It is known to use a CRI (Circuit Reliability Index). The single records of outages were associated with a circuit, not the individual customer. The circuits would be grouped together and run through a formula that would then compare it against an average customer's expectations and determine if the entire circuit was performing above, below, or at the customer's expectations. Previously, the utilities would know that an entire circuit had failed the customer's expectations. The circuit performance was bad and the utility would have to go out and patrol the whole circuit or do a deep dive into the data that made up that circuit calculation to see if there was a specific problem that could be isolated.
In a typical electrical distribution system, electrical energy is generated by an electrical supplier or utility company and distributed to consumers via a power distribution network. The power distribution network is the network of electrical distribution wires which link the electrical supplier to its consumers. Typically, electricity from a utility is fed from a primary substation over a distribution cable to several local substations. At the substations, the supply is transformed by distribution transformers from a relatively high voltage on the distributor cable to a lower voltage at which it is supplied to the end consumer. From the substations, the power is provided to industrial users over a distributed power network that supplies power to various loads. Such loads may include, for example, various power machines or computer/electronic equipment.
At the consumer's facility, there will typically be an intelligent electronic device (“IED”), such as an electrical energy/watt-hour meter, connected between the consumer and the power distribution network so as to measure quantities such as the consumer's electrical consumption or electrical demand. Such a meter may be owned by the consumer and used to monitor and control consumption and report costs or may be owned by the utility and used to monitor consumption and report revenue.
IED's include devices such as Programmable Logic Controllers (“PLC's”), Remote Terminal Unit (“RTU”), meters, protective relays, and fault recorders. Such devices are widely available that make use of memory and microprocessors and have limited remote reporting capabilities. A PLC is a solid-state control system that has a user-programmable memory for storage of instructions to implement specific functions such as Input/output (I/O) control, logic, timing, counting, report generation, communication, arithmetic, and data file manipulation. A PLC consists of a central processor, input\output interface, and memory. A PLC is typically designed as an industrial control system. An exemplary PLC is the SLC 500 Series, manufactured by Allen-Bradley in Milwaukee, Wis.
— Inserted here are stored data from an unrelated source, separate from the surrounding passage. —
lemma regular_q_cycle_coeff1_next:
  assumes cyc: "regular_q_cycle n P D"
    and vanishP: "coeff1_vanishes_below n P m" and vanishD: "coeff1_vanishes_below n D m"
    and m: "2 \<le> m" and q: "P 1 0 1 ^ m \<noteq> P 1 0 1"
    and ij: "i < n" "j < n" "0 < j" "i + j = m"
  shows "P i j 1 = 0 \<and> D i j (1::nat) = (0::'a::field)"
proof -
  have morphP: "coalg_morph n P" and morphD: "coalg_morph n D"
    using regular_q_magma_coalg_morph[OF regular_q_cycle_magma[OF cyc]] by auto
  have P011: "P 0 1 1 = 0"
    using vanishP m ij by (simp add: coeff1_vanishes_below_def)
  have diag: "P i 0 i * P j 0 j = P 1 0 1 ^ m"
    using coalg_morph_diag_power[OF morphP, of i] coalg_morph_diag_power[OF morphP, of j] ij
    by (simp flip: power_add)
  have "P i j 1 * P 1 0 1 = (\<Sum>j1\<le>j. comp_coeff n P P D i j1 0 (j - j1) 1)"
    using sum_comp_coeff_coeff1[where E = P, OF morphP morphD vanishP vanishD P011 ij] ..
  also have "\<dots> = comp_coeff n P P P i 0 j 0 1"
    using regular_q_cycle_identity1[OF cyc, of i j 0 1] ij by simp
  also have "\<dots> = P 1 0 1 ^ m * P i j 1"
    using comp_coeff_coeff1_leading[OF morphP morphP vanishP ij] diag by simp
  finally have P_eq: "P i j 1 * P 1 0 1 = P 1 0 1 ^ m * P i j 1" .
  have "D i j 1 * P 1 0 1 = (\<Sum>j1\<le>j. comp_coeff n P D D i j1 0 (j - j1) 1)"
    using sum_comp_coeff_coeff1[where E = P, OF morphD morphD vanishD vanishD P011 ij] ..
  also have "\<dots> = (\<Sum>l1\<le>j. comp_coeff n P D D i (j - l1) 0 l1 1)"
    by (subst sum.atLeastAtMost_rev[of _ 0 j, unfolded atLeast0AtMost]) (auto intro: sum.cong)
  also have "\<dots> = comp_coeff n D P P i 0 j 0 1"
    using regular_q_cycle_identity2[OF cyc, of i 0 j 1] ij by simp
  also have "\<dots> = P 1 0 1 ^ m * D i j 1"
    using comp_coeff_coeff1_leading[OF morphP morphP vanishD ij] diag by simp
  finally have D_eq: "D i j 1 * P 1 0 1 = P 1 0 1 ^ m * D i j 1" .
  show ?thesis
    using P_eq D_eq q by (simp add: mult.commute)
qed

lemma regular_q_cycle_coeff1_vanishes_below:
  fixes P D :: "nat \<Rightarrow> nat \<Rightarrow> nat \<Rightarrow> 'a::field_char_0"
  assumes cyc: "regular_q_cycle n P D"
    and q: "\<forall>m. 2 \<le> m \<and> m \<le> s \<longrightarrow> P 1 0 1 ^ m \<noteq> P 1 0 1"
  shows "coeff1_vanishes_below n P (Suc s) \<and> coeff1_vanishes_below n D (Suc s)"
  using q
proof (induction s)
  case 0
  then show ?case by (simp add: coeff1_vanishes_below_def)
next
  case (Suc s)
  have vanish: "coeff1_vanishes_below n P (Suc s)" "coeff1_vanishes_below n D (Suc s)"
    using Suc.IH Suc.prems le_SucI by blast+
  have "P a b 1 = 0 \<and> D a b 1 = 0" if ab: "a < n" "b < n" "0 < b" "a + b = Suc s" for a b
  proof (cases "s = 0")
    case True
    then have "a = 0" "b = 1" and n: "2 \<le> n" using ab by auto
    have magma: "regular_q_magma n P D"
      using cyc by (rule regular_q_cycle_magma)
    note morph = regular_q_magma_coalg_morph[OF magma]
      and nonzero = regular_q_magma_linear_coeffs_nonzero[OF magma n]
    show ?thesis
      using coalg_morph_coeff_011_eq_0[OF morph(1) n nonzero(1)]
        coalg_morph_coeff_011_eq_0[OF morph(2) n nonzero(2)] \<open>a = 0\<close> \<open>b = 1\<close>
      by simp
  next
    case False
    then have m: "2 \<le> Suc s" by simp
    show ?thesis
      using regular_q_cycle_coeff1_next[OF cyc vanish m _ ab] Suc.prems m by blast
  qed
  then show ?case
    using vanish by (simp add: coeff1_vanishes_below_Suc)
qed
A meter is a device that records and measures electrical power consumption. Energy meters include, but are not limited to, electric watt-hour meters. In addition, meters are also capable of measuring and recording power events, power quality, current, voltage waveforms, harmonics, transients, or other power disturbances. Revenue accurate meters (“revenue meter”) are revenue accuracy electrical power metering devices which may include the ability to detect, monitor, or report, quantify, and communicate power quality information about the power which they are metering. An exemplary revenue meter is model 8500, manufactured by Power Measurement Ltd, in Saanichton, B.C. Canada.
A protective relay is an electrical device that is designed to interpret input conditions in a prescribed manner, and after specified conditions are met, to cause contact operation or similar abrupt change in associated electric circuits. A relay may consist of several relay units, each responsive to a specified input, with the combination of units providing the desired overall performance characteristics of the relay. Inputs are usually electric but may be mechanical, thermal or other quantity, or a combination thereof. An exemplary relay is type N and KC, manufactured by ABB in Raleigh, N.C.
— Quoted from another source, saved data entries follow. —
lemma domination_number_cycle_sierpinski_3k1_le:
  assumes "3 \<le> n" "f ` {0..<n} \<subseteq> {0..<3 * k + 1}"
  shows "domination_number (cycle_sierpinski n (3 * k + 1) f) \<le> k * n + (n + 2) div 3"
proof -
  define m where "m = 3 * k + 1"
  define T where "T a b = (SOME R. R \<subseteq> {0..<m} \<and> a \<in> R \<and> b \<in> R \<and> card R \<le> k + 1 \<and>
    {0..<m} \<subseteq> closed_nbhd (cycle_graph m) R)" for a b
  define A where "A c = (SOME R. R \<subseteq> {0..<m} \<and> card R \<le> k \<and>
    {0..<m} - {c} \<subseteq> closed_nbhd (cycle_graph m) R)" for c
  have T: "T a b \<subseteq> {0..<m} \<and> a \<in> T a b \<and> b \<in> T a b \<and> card (T a b) \<le> k + 1 \<and>
      {0..<m} \<subseteq> closed_nbhd (cycle_graph m) (T a b)" if "a < m" "b < m" for a b
    unfolding T_def m_def
    by (rule someI_ex) (use cycle_graph_dominating_set_through that in \<open>simp add: m_def\<close>)
  have A: "A c \<subseteq> {0..<m} \<and> card (A c) \<le> k \<and> {0..<m} - {c} \<subseteq> closed_nbhd (cycle_graph m) (A c)"
    if "c < m" for c
    unfolding A_def m_def
    by (rule someI_ex) (use cycle_graph_dominating_set_avoiding that in \<open>simp add: m_def\<close>)
  have f: "f g < m" if "g < n" for g
    using assms(2) that unfolding m_def image_subset_iff by simp
  define C where "C g = (if g mod 3 = 0 then T (f ((g + n - 1) mod n)) (f ((g + 1) mod n))
    else A (f (hub n g)))" for g
  have C: "C g \<subseteq> {0..<m} \<and> card (C g) \<le> k + (if g mod 3 = 0 then 1 else 0)" if "g < n" for g
    using T[OF f f] A[OF f] hub_neighbour(1)[OF assms(1) that] assms(1) that by (simp add: C_def)
  have "domination_number (cycle_sierpinski n m f) \<le> (\<Sum>g\<in>verts (cycle_graph n). card (C g))"
  proof (rule domination_number_sierpinski_product_le)
    fix g assume "g \<in> verts (cycle_graph n)"
    hence g: "g < n" by simp
    show "C g \<subseteq> verts (cycle_graph m)" using C[OF g] by simp
    have "{0..<m} \<subseteq> closed_nbhd (cycle_graph m) (C g) \<union>
        f ` {g' \<in> {0..<n}. adj (cycle_graph n) g' g \<and> f g \<in> C g'}"
      using assms(1,2) g T[OF f f] A[OF f] hub_neighbour(1)[OF assms(1)]
      by (intro hub_construction_covers) (auto simp: C_def m_def)
    thus "verts (cycle_graph m) \<subseteq> closed_nbhd (cycle_graph m) (C g) \<union>
        f ` {g' \<in> verts (cycle_graph n). adj (cycle_graph n) g' g \<and> f g \<in> C g'}"
      by simp
  qed simp_all
  also have "\<dots> \<le> (\<Sum>g\<in>{0..<n}. k + (if g mod 3 = 0 then 1 else 0))"
    unfolding verts_cycle_graph by (rule sum_mono) (use C in simp)
  also have "\<dots> = k * n + card {g \<in> {0..<n}. g mod 3 = 0}"
    using sum.inter_filter[of "{0..<n}" "\<lambda>_. 1 :: nat" "\<lambda>g. g mod 3 = 0"]
    by (simp add: sum.distrib mult.commute)
  finally show ?thesis unfolding m_def card_multiples_of_three .
qed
A fault recorder is a device that records the waveform resulting from a fault in a line, such as a fault caused by a break in the line. An exemplary fault recorder is IDM, manufactured by Hathaway Corp in Littleton, Colo.
IED's can also be created from existing electromechanical meters or solid-state devices by the addition of a monitoring and control device which converts the mechanical rotation of the rotary counter into electrical pulses. An exemplary electromechanical meter is the AB1 Meter manufactured by ABB in Raleigh, N.C. Such conversion devices are known in the art.
In the early 1980's, the Computer Business Manufacturers Association (CBEMA), which is now the Information Technology Industry Council (ITIC), established a susceptibility profile curve to aid manufacturers in the design of power supply protection circuits. This power quality curve has since become a standard reference within the industry, measuring all types of equipment and power systems and defines allowable disturbances that can exist on the power lines. Additionally, the semiconductor industry has established its own standard SEMI F47 curve for power quality, which is similar to the CBEMA curve but instead is focused on semiconductor power quality and associated supporting equipment.
In more recent years the electric utility marketplace has moved towards deregulation, where utility consumers will be able to choose electrical service providers. Until now, substantially all end users purchased electric power they needed from the local utility serving their geographic area. Further, there was no way for utilities to guarantee the same reliability to all consumers from the utility because of different connection points to the transmission and distribution lines. With deregulation it is essential for consumers to be able to measure and quantify power reliability from their suppliers in order to ensure they are receiving the service they have opted for. Such service may involve various pricing plans, for example on volume, term commitments, peak and off-peak usage or reliability.
Power reliability is typically measured by several various indices. These indices include System Average Interruption Frequency Index (“SAIFI”), Customer Average Interruption Duration Index (“CAIDI”), System Average Interruption Duration Index (“SAIDI”), Average System Availability Index (“ASAI”) and Momentary Average Interruption Duration Index (“MAIFI”). Each index provides a measure, in terms of ratios or percentages, of interruptions in delivery of electrical power, wherein an interruption may be classified as a complete loss of electrical power or where the quality of the delivered electrical power falls below or exceeds a pre-determined threshold. SAIFI measures the ratio of the total number of customer interruptions to the total number of customers served, hence the average. Lower averages signify better reliability. CAIDI measures the total customer hours interrupted to the total customer interruptions, in minutes. The lower the measure, the better the reliability. SAIDI measures the ratio of customer hours interrupted to total customers served, in minutes. Again, the smaller the number the better the system. ASAI is a ratio of total number of customer hours the electric service has been turned on to the number of customer hours the service has been demanded. It is measured as a percentage and the higher the percentage, the better the reliability. The MAIFI measurement considers interruptions that last less than 5 minutes. System Average RMS Variation Frequency Index (“SARFI”) is another power quality index that provides counts or rates of voltage sags, swells and/or interruptions for the system. There are two types of SARFI indices—SARFI_x and SARFI_curve. SARFI_x corresponds to a count or rate of voltage sags, swells and/or interruptions below a threshold where SARFI_curve corresponds to a rate of voltage sags below an equipment compatibility curve, such as a CBEMA or SEMI curve. Mean Time Between Failure (“MTBF”) is another measurement to indicate reliability. MTBF is usually expressed in hours and is calculated by dividing the total number of failures into the total number of operating hours observed. For example a device may specify MTBF as 300,000 hours. If this device operates 24 hours a day, 365 days a year it would take an average of 34 years before the device will fail.
The present invention provides methods for tracking individual utility outages at the customer level. The difficulties inherit in the art are therefore overcome in a way that is simple and efficient, while providing better and more advantageous results.